If you have this mindset, you will shape the code without much fear of speculative design / over engineering.

However there is always the factor time: For many changes you will not have the time you need. Refactoring costs time and effort. I often encountered situations where I knew I had to change the design, but due to time constraints I had to postpone it. This will happen and cannot be avoided. I found that it is easier to refactor under engineered code than over engineered code. YAGNI gives me a good guideline: If in doubt, keep the amount of classes and the application of design patterns to a minimum.

1

There are three reasons to invoke SRP as a reason to split a class:

  • so that future changes in requirements can leave some classes unchanged
  • so that a bug can be isolated more quickly
  • to make the class smaller

There are three reasons to refuse to split a class:

  • so that future changes in requirements won't cause you to make the the same change in multiple classes
  • so that bug-finding won't involve tracing long paths of indirection
  • to resist encapsulation-breaking techniques (properties, friends, whatever) that expose information or methods to everyone when they are only needed by one related class

When I look at your case and imagine changes, some of them will cause changes to multiple classes (eg add a field to ledger, you'll need to change all three) but many will not - for example adding sorting to the list of ledgers or changing the validation rules when adding a new ledger entry. Your colleague's reaction is probably because it's hard to know where to look for a bug. If something looks wrong on the list of ledgers, is it because it was added wrongly, or there's something wrong with the list? If there's a discrepancy between the summary and the details, which is wrong?

It's also possible your colleague thinks that the changes in requirements that mean you'll have to change all three classes are far more likely than that changes where you'd get away with changing only one. That could be a really useful conversation to have.

Kate Gregory
  • 17,495
0

I think that if ledger was a table in db, I suggest put these thress task to one class(e.g DAO).If the ledger has more logic and was not a table in db, I suggest we should create more class to do these tasks(may be two or thress class) and provide a facade class to do simply for customer.

Mark xie
  • 29
  • 1
0

IMHO you shouldn't be using classes at all. There are no data abstractions here. The ledgers are a concrete data type. The methods for manipulating and displaying them are functions and procedures. There will certainly be many commonly used functions to be shared such as formatting a date. There is little place for any data to be abstracted and hidden in a class in the display and selection routines.

There is some case to hide state in a class for ledger editing.
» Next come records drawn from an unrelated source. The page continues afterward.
(* Let $(Z_t)_{t\in\mathbb Z}$ be independent random variables with values in $[0,B]$, let $\mathcal F_n=\sigma(Z_t:t\le n)$ and $\mathcal F=(\mathcal F_n)_{n\in\mathbb Z}$. Fix $s\in\mathbb N$, $n_0\in\mathbb Z$ and $T\ge n_0$. For $n\ge n_0$ let $S_n=\sum_{t=n_0}^n B_t(Z_t-\mathbb E[Z_t])$ and $t_n=\sum_{t=n_0}^n B_t$, where each $B_t\in\{0,1\}$ is $\mathcal F_{t-1}$-measurable. Let $\phi\in\{n_0,\dots,T+1\}$ be an $\mathcal F$-stopping time such that either $t_\phi\ge s$ or $\phi=T+1$. Then for every $\delta>0$, $$\mathbb P[S_\phi\ge t_\phi\delta,\ \phi\le T]\le \exp(-2s\delta^2B^{-2}),\qquad \mathbb P[|S_\phi|\ge t_\phi\delta,\ \phi\le T]\le 2\exp(-2s\delta^2B^{-2}).$$ *)

theory Defs
  imports "HOL-Probability.Probability"
begin

definition nat_filt :: "'a measure \<Rightarrow> (int \<Rightarrow> 'a \<Rightarrow> real) \<Rightarrow> int \<Rightarrow> 'a measure" where
  "nat_filt M Z n = sigma (space M) {Z t -` A \<inter> space M | t A. t \<le> n \<and> A \<in> sets borel}"

end

theory Submission
  imports Defs
begin

text \<open>
  With a predictable selection \<open>b\<^sub>t \<in> {0,1}\<close> stopped at \<open>\<phi>\<close>,
  gates \<open>G\<^sub>t = b\<^sub>t [t \<le> \<phi>]\<close> are again predictable, and for any real \<open>l\<close> the process
  \<open>W\<^sub>n = exp (\<Sum>\<^sub>t\<^sub>\<le>\<^sub>n G\<^sub>t (l (Z\<^sub>t - E Z\<^sub>t) - l\<^sup>2B\<^sup>2/8))\<close> is a supermartingale, because
  \<open>Z\<^sub>t\<close> is independent of the past \<open>\<F>\<^sub>t\<^sub>-\<^sub>1\<close> and Hoeffding's lemma bounds its exponential moment.
  Hence \<open>E W\<^sub>T \<le> 1\<close>.  On the event \<open>\<plusminus>S\<^sub>\<phi> \<ge> \<delta> t\<^sub>\<phi>, \<phi> \<le> T\<close> we have \<open>t\<^sub>\<phi> \<ge> s\<close>, and the choice
  \<open>l = \<plusminus>4\<delta>/B\<^sup>2\<close> gives \<open>W\<^sub>T \<ge> exp (2s\<delta>\<^sup>2/B\<^sup>2)\<close>, so Markov's inequality yields the one-sided
  bound; a union bound over both signs gives the two-sided one.
\<close>

lemma (in prob_space) indep_set_mono:
  assumes "indep_set A B" "A' \<subseteq> A" "B' \<subseteq> B"
  shows "indep_set A' B'"
  using assms unfolding indep_sets2_eq by blast

locale indep_process = prob_space M for M :: "'a measure" +
  fixes Z :: "int \<Rightarrow> 'a \<Rightarrow> real"
  assumes indep_Z: "indep_vars (\<lambda>_. borel) Z UNIV"
begin

lemma measurable_Z [measurable]: "Z t \<in> borel_measurable M"
  using indep_Z unfolding indep_vars_def by auto
lemma inverted_incenter_on_circle:
  fixes a b \<rho> :: real and P1 P2 P3 :: complex
  defines "c \<equiv> sqrt (a^2 - b^2)" and "\<delta> \<equiv> sqrt (a^4 - a^2*b^2 + b^4)"
  assumes "a > 0" "b \<noteq> 0" "b^2 < a^2" "\<rho> > 0"
    and "three_periodic a b P1 P2 P3" "Complex 0 (-b) \<notin> {P1, P2, P3}"
  shows "dist (incenter (inversion \<rho> (Complex (-c) 0) P1) (inversion \<rho> (Complex (-c) 0) P2)
                (inversion \<rho> (Complex (-c) 0) P3))
              (Complex (c * (- 1 + \<rho>^2 * (- 2 * a^2 + b^2 + 2 * \<delta>) / (2 * b^4))) 0)
       = \<rho>^2 * (- 2 * \<delta>^2 + b^4 + (2 * a^2 - b^2) * \<delta>) / (2 * a * b^4)"
proof -
  have c: "c^2 = a^2 - b^2" "0 < c" "c < a"
    using assms(3-5) real_sqrt_less_iff[of "a^2 - b^2" "a^2"] unfolding c_def by auto
  obtain t1 t2 t3 k where P: "P1 = ellipse_point a b t1" "P2 = ellipse_point a b t2" "P3 = ellipse_point a b t3"
    and t: "t1 \<noteq> t2" "t1 \<noteq> t3" "t2 \<noteq> t3" and k: "k > 0"
    "k * cmod (P1 - P2) = polar_gap a b P1 P2" "k * cmod (P1 - P3) = polar_gap a b P1 P3"
    "k * cmod (P2 - P3) = polar_gap a b P2 P3"
    and rel: "chord_relation a c (k^2) t1 t2" "chord_relation a c (k^2) t1 t3" "chord_relation a c (k^2) t2 t3"
    using three_periodic_parameters[OF _ assms(4) c(1) assms(7,8)] assms(3) by (metis less_irrefl)
  have "k^2 > 0" using k(1) by simp
  define X Y where "X = inc_num_x a c t1 t2 t3 / (inc_den a c t1 t2 t3 * focal_prod a c t1 t2 t3)"
    and "Y = inc_num_y a c t1 t2 t3 / (inc_den a c t1 t2 t3 * focal_prod a c t1 t2 t3)"
  define Kp r where "Kp = (- 2 * a^2 + b^2 + 2 * \<delta>) / (2 * b^4)"
    and "r = (- 2 * \<delta>^2 + b^4 + (2 * a^2 - b^2) * \<delta>) / (2 * a * b^4)"
  have inc: "incenter (inversion \<rho> (Complex (-c) 0) P1) (inversion \<rho> (Complex (-c) 0) P2)
      (inversion \<rho> (Complex (-c) 0) P3) = Complex (-c) 0 + of_real (\<rho>^2) * Complex X (b * Y)"
    using inverted_incenter_ellipse_points[OF assms(4) c, of \<rho> k t1 t2 t3] assms(6,7) k t
    unfolding X_def Y_def P three_periodic_def by auto
  note data = caustic_circle_data[OF c(1) less_imp_le[OF \<open>k^2 > 0\<close>]
      caustic_equation[OF c(2,3) \<open>k^2 > 0\<close> rel t(3)], folded \<delta>_def]
  have ac: "a^2 - c^2 = b^2" "(a^2 - c^2)^2 = b^4" using c(1) by (simp_all flip: power_mult)
  have "(X - c*Kp)^2 + b^2*Y^2 = r^2"
    using inc_param_on_circle[OF c(2,3) \<open>k^2 > 0\<close> rel t(1,3), folded X_def Y_def]
    unfolding ac(2) unfolding ac(1) data Kp_def r_def .
  then have circle: "(X - c*Kp)^2 + (b*Y)^2 = r^2" by (simp add: power_mult_distrib)
  have "r \<ge> 0"
    using inverted_incircle_radius_nonneg[of b a] assms(3,5) unfolding r_def \<delta>_def by simp
  have diff: "incenter (inversion \<rho> (Complex (-c) 0) P1) (inversion \<rho> (Complex (-c) 0) P2)
      (inversion \<rho> (Complex (-c) 0) P3) - Complex (c * (- 1 + \<rho>^2 * (- 2 * a^2 + b^2 + 2 * \<delta>) / (2 * b^4))) 0
      = of_real (\<rho>^2) * Complex (X - c*Kp) (b*Y)"
    unfolding inc Kp_def by (simp add: complex_eq_iff algebra_simps)
  have "dist (incenter (inversion \<rho> (Complex (-c) 0) P1) (inversion \<rho> (Complex (-c) 0) P2)
                (inversion \<rho> (Complex (-c) 0) P3))
              (Complex (c * (- 1 + \<rho>^2 * (- 2 * a^2 + b^2 + 2 * \<delta>) / (2 * b^4))) 0)
      = \<rho>^2 * sqrt ((X - c*Kp)^2 + (b*Y)^2)"
    unfolding dist_norm diff norm_mult norm_of_real by (simp add: cmod_def)
  also have "\<dots> = \<rho>^2 * r" unfolding circle using \<open>r \<ge> 0\<close> by simp
  finally show ?thesis unfolding r_def by simp
qed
Whether or not you're abusing the SRP, you're abusing something more fundamental: you're overusing abstraction. It's a typical problem, engendered by the mythical notion OO is a sane development paradigm.

Programming is 90% concrete: use of data abstraction should be rare and carefully engineered. Functional abstraction, on the other hand should be more common, since language details and choice of algorithms need to be separated from the semantics of the operation.

Yttrill
  • 727
-1

You only need one class, and the single responsibility of that class is to manage ledgers.